Les notarii de la France du XIIIe siècle sont des greffiers qui se sont peu à peu détachés des juridictions civiles et ecclésiastiques dont ils étaient issus. Les notaires épiscopaux, royaux, seigneuriaux, partagent une fonction particulière : celle d’authentification des actes qu’ils rédigent et de leur conférer force exécutoire.
Une évolution décisive se produit avec la Révolution française qui abolit la vénalité et l’hérédité des charges et établit un statut unique pour le notariat. Une loi du 25 ventôse an XI (16 mars 1803) définit les notaires comme « les fonctionnaires publics établis pour recevoir tous les actes et contrats auxquels les parties doivent ou veulent faire donner le caractère d’authenticité attaché aux actes de l’autorité publique, et pour en assurer la date, en conserver le dépôt, en délivrer les grosses (copies exécutoires) et expéditions ». Cette disposition, à un mot près, celui de fonctionnaire public, aujourd’hui remplacé par le terme d’officier public, est restée la même jusqu’à ce jour. Elle figure désormais dans l’ordonnance du 2 novembre 1945 relative au statut du notariat.
La permanence du statut comme de la fonction du notaire porte-t-elle pour autant la marque de l’immobilisme ? Je viens de souligner la faculté d’adaptation d’une profession qui a su évoluer pour correspondre aux exigences contemporaines. Mais ces transformations vont de pair avec une stabilité qui est un autre trait marquant de la profession de notaire.

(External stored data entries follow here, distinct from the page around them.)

lemma coprime_or_common_prime_divisor:
  fixes w t :: "'a :: factorial_semiring_gcd"
  obtains "w = 0" "t = 0" | "coprime w t" | p where "prime p" "p dvd w" "p dvd t" "w \<noteq> 0 \<or> t \<noteq> 0"
proof (cases "gcd w t = 0 \<or> is_unit (gcd w t)")
  case False
  then obtain p where "prime p" "p dvd gcd w t"
    using prime_divisor_exists by blast
  then show ?thesis
    using that(3) False by simp
qed (use that in auto)

lemma representable_coprime_factor:
  fixes A C :: int
  assumes "representable (A * C)" "A > 0" "coprime A C"
  shows "representable A"
proof -
  obtain w t where "principal_form w t = A * C"
    using assms(1) representable_iff by metis
  with assms(2,3) show ?thesis
  proof (induction "nat (\<bar>w\<bar> + \<bar>t\<bar>)" arbitrary: w t A C rule: less_induct)
    case less
    consider "w = 0" "t = 0" | "coprime w t" | p where "prime p" "p dvd w" "p dvd t" "w \<noteq> 0 \<or> t \<noteq> 0"
      by (rule coprime_or_common_prime_divisor)
    then show ?case
    proof cases
      case 1
      then have "A = 1"
        using less.prems by (auto simp: principal_form_def)
      then show ?thesis
        unfolding representable_def by (intro conjI exI[of _ 1] exI[of _ 0]) simp_all
    next
      case 2
      then show ?thesis
        using representable_dvd_principal_form less.prems(1,3) by simp
    next
      case 3
      then obtain w' t' where wt: "w = p*w'" "t = p*t'"
        by (meson dvdE)
      have "p > 1"
        using \<open>prime p\<close> prime_gt_1_int by blast
      have "\<bar>w\<bar> + \<bar>t\<bar> = p * (\<bar>w'\<bar> + \<bar>t'\<bar>)" "\<bar>w'\<bar> + \<bar>t'\<bar> > 0"
        using wt \<open>p > 1\<close> 3(4) by (auto simp: abs_mult algebra_simps)
      then have smaller: "nat (\<bar>w'\<bar> + \<bar>t'\<bar>) < nat (\<bar>w\<bar> + \<bar>t\<bar>)"
        using \<open>p > 1\<close> by simp
      have "p^2 * principal_form w' t' = A * C"
        using less.prems(3) wt principal_form_scale by simp
      then obtain A' C' where "principal_form w' t' = A' * C'" "A' > 0" "coprime A' C'"
          and "A = A' \<or> A = p^2 * A'"
        using coprime_factor_descent \<open>prime p\<close> less.prems(1,2) by blast
      then show ?thesis
        using less.hyps[OF smaller] representable_mult_square by blast
    qed
  qed
qed

lemma pell19_0 [simp]: "xs19 0 = 1" "ys19 0 = 0"
  by (simp_all add: xs19_def ys19_def)

lemma pell19_Suc [simp]:
  "xs19 (Suc n) = 170 * xs19 n + 741 * ys19 n"
  "ys19 (Suc n) = 39 * xs19 n + 170 * ys19 n"
  by (simp_all add: xs19_def ys19_def split: prod.splits)

lemma pell19_add:
  "xs19 (m + n) = xs19 m * xs19 n + 19 * ys19 m * ys19 n \<and>
   ys19 (m + n) = xs19 m * ys19 n + ys19 m * xs19 n"
  by (induction n) (simp_all add: algebra_simps)

lemma pell19_norm: "xs19 n ^ 2 - 19 * ys19 n ^ 2 = 1"
  by (induction n) (simp_all add: power2_eq_square algebra_simps)

lemma pell19_bounds: "xs19 n \<ge> 1 \<and> ys19 n \<ge> 0"
  by (induction n) simp_all

lemma ys19_pos: "n > 0 \<Longrightarrow> ys19 n > 0"
  using pell19_bounds[of "n - 1"] by (cases n) simp_all

lemma dvd_ys19: "39 dvd ys19 n"
  by (induction n) simp_all

lemma coprime_xs19_ys19: "coprime (xs19 n) (ys19 n)"
proof (rule coprimeI)
  fix c
  assume "c dvd xs19 n" "c dvd ys19 n"
  then have "c dvd xs19 n ^ 2 - 19 * ys19 n ^ 2"
    by (simp add: power2_eq_square)
  then show "is_unit c"
    using pell19_norm[of n] by simp
qed

lemma ys19_double: "ys19 (2 * l) = 2 * xs19 l * ys19 l"
  using pell19_add[of l l] by (simp add: mult_2[of l])

lemma ys19_pow2_mult:
  assumes "odd D" "D dvd ys19 j"
  shows "\<exists>C. ys19 (2^a * j) = ys19 j * C \<and> coprime D C"
proof (induction a)
  case 0
  show ?case
    by (intro exI[of _ 1]) simp
next
  case (Suc a)
  then obtain C where C: "ys19 (2^a * j) = ys19 j * C" "coprime D C"
    by blast
  define l where "l = 2^a * j"
  have "D dvd ys19 l"
    using assms(2) C(1) unfolding l_def by simp
  then have "coprime D (xs19 l)"
    using coprime_divisors[OF _ dvd_refl] coprime_xs19_ys19[of l] by (metis coprime_commute)
  moreover have "coprime D 2"
    using assms(1) by (simp add: coprime_commute)
  moreover have "ys19 (2^Suc a * j) = ys19 j * (2 * xs19 l * C)"
    using ys19_double[of l] C(1) unfolding l_def by (simp add: algebra_simps)
  ultimately show ?case
    using C(2) by auto
qed

lemma ys19_odd_index:
  assumes "ys19 k = 39 * Y"
  shows "ys19 (2*k + 1) = 39 * (xs19 k + 169*Y) * (xs19 k + 171*Y)"
proof -
  have "ys19 (2*k + 1) = 39 * xs19 (k + k) + 170 * ys19 (k + k)"
    by (simp add: mult_2[of k])
  also have "\<dots> = 39 * (xs19 k * xs19 k + 19 * (39*Y) * (39*Y)) + 170 * (2 * xs19 k * (39*Y))"
    using pell19_add[of k k] assms by simp
  also have "\<dots> = 39 * (xs19 k + 169*Y) * (xs19 k + 171*Y)"
    by (simp add: algebra_simps)
  finally show ?thesis .
qed

lemma odd_coprime_of_odd_coeffs:
  fixes a b A B :: int
  assumes "odd a" "odd b" "a*A^2 - b*B^2 = 2"
  shows "odd A \<and> odd B \<and> coprime A B"
proof -
  have "a*A^2 = b*B^2 + 2"
    using assms(3) by simp
  then have "even (a*A^2) \<longleftrightarrow> even (b*B^2)"
    by simp
  then have "even A \<longleftrightarrow> even B"
    using assms(1,2) by simp
  moreover have "\<not> (even A \<and> even B)"
  proof
    assume "even A \<and> even B"
    then obtain A' B' where "A = 2*A'" "B = 2*B'"
      by blast
    then have "a*A^2 - b*B^2 = 4 * (a*A'^2 - b*B'^2)"
      by (simp add: power2_eq_square algebra_simps)
    then have "4 * (a*A'^2 - b*B'^2) = 2"
      using assms(3) by simp
    then show False
      by presburger
  qed
  ultimately have "odd A" "odd B"
    by blast+
  moreover have "coprime A B"
  proof (rule coprimeI)
    fix c
    assume "c dvd A" "c dvd B"
    then have "c dvd a*A^2 - b*B^2"
      by (simp add: power2_eq_square)
    then have "c dvd 2"
      using assms(3) by simp
    moreover have "odd c"
      using \<open>c dvd A\<close> \<open>odd A\<close> dvd_trans by blast
    ultimately show "is_unit c"
      using coprime_absorb_right[of c 2] coprime_left_2_iff_odd[of c] by blast
  qed
  ultimately show ?thesis
    by blast
qed

lemma representable_coprime_factors:
  fixes A B C :: int
  assumes "representable (A * B * C)" "A > 0" "B > 0" "coprime A B" "coprime (A * B) C"
  shows "representable A \<and> representable B"
proof -
  have "representable (A * (B*C))" "representable (B * (A*C))"
    using assms(1) by (simp_all add: algebra_simps)
  moreover have "coprime A (B*C)" "coprime B (A*C)"
    using assms(4,5) by (simp_all add: coprime_commute)
  ultimately show ?thesis
    using representable_coprime_factor assms(2,3) by blast
qed

lemma odd_factor_of_not_pow2:
  fixes n :: nat
  assumes "n > 0" "\<not> (\<exists>k. n = 2^k)"
  obtains k a where "k > 0" "n = (2*k + 1) * 2^a"
proof -
  obtain a m where "\<not> 2 dvd m" "n = m * 2^a"
    using prime_power_canonical[OF two_is_prime_nat assms(1)] by blast
  moreover from this assms(2) have "m \<noteq> 1"
    by auto
  ultimately obtain k where "m = 2*k + 1" "k > 0"
    by (metis oddE add_0 gr0I mult_0_right)
  then show ?thesis
    using that \<open>n = m * 2^a\<close> by blast
qed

I- La fonction notariale : un rôle stabilisateur
Le notaire n’a-t-il pas précisément été conçu à la Révolution comme un agent de stabilisation d’une société en plein déchirement ? C’est là le sens des propos célèbres d’un conseiller d’Etat, qui affirmait, lors des travaux préparatoires de la loi de l’an XI : « Pour établir sur des bases inébranlables le droit de propriété, la liberté civile, le repos des familles…, une quatrième institution (après les tribunaux, le juge de paix et les ministres du culte !) est nécessaire (...) Ces fonctionnaires désintéressés, ces rédacteurs impartiaux, cette espèce de juges volontaires qui obligent irrévocablement les parties contractantes, ce sont les notaires ; cette institution est le notariat».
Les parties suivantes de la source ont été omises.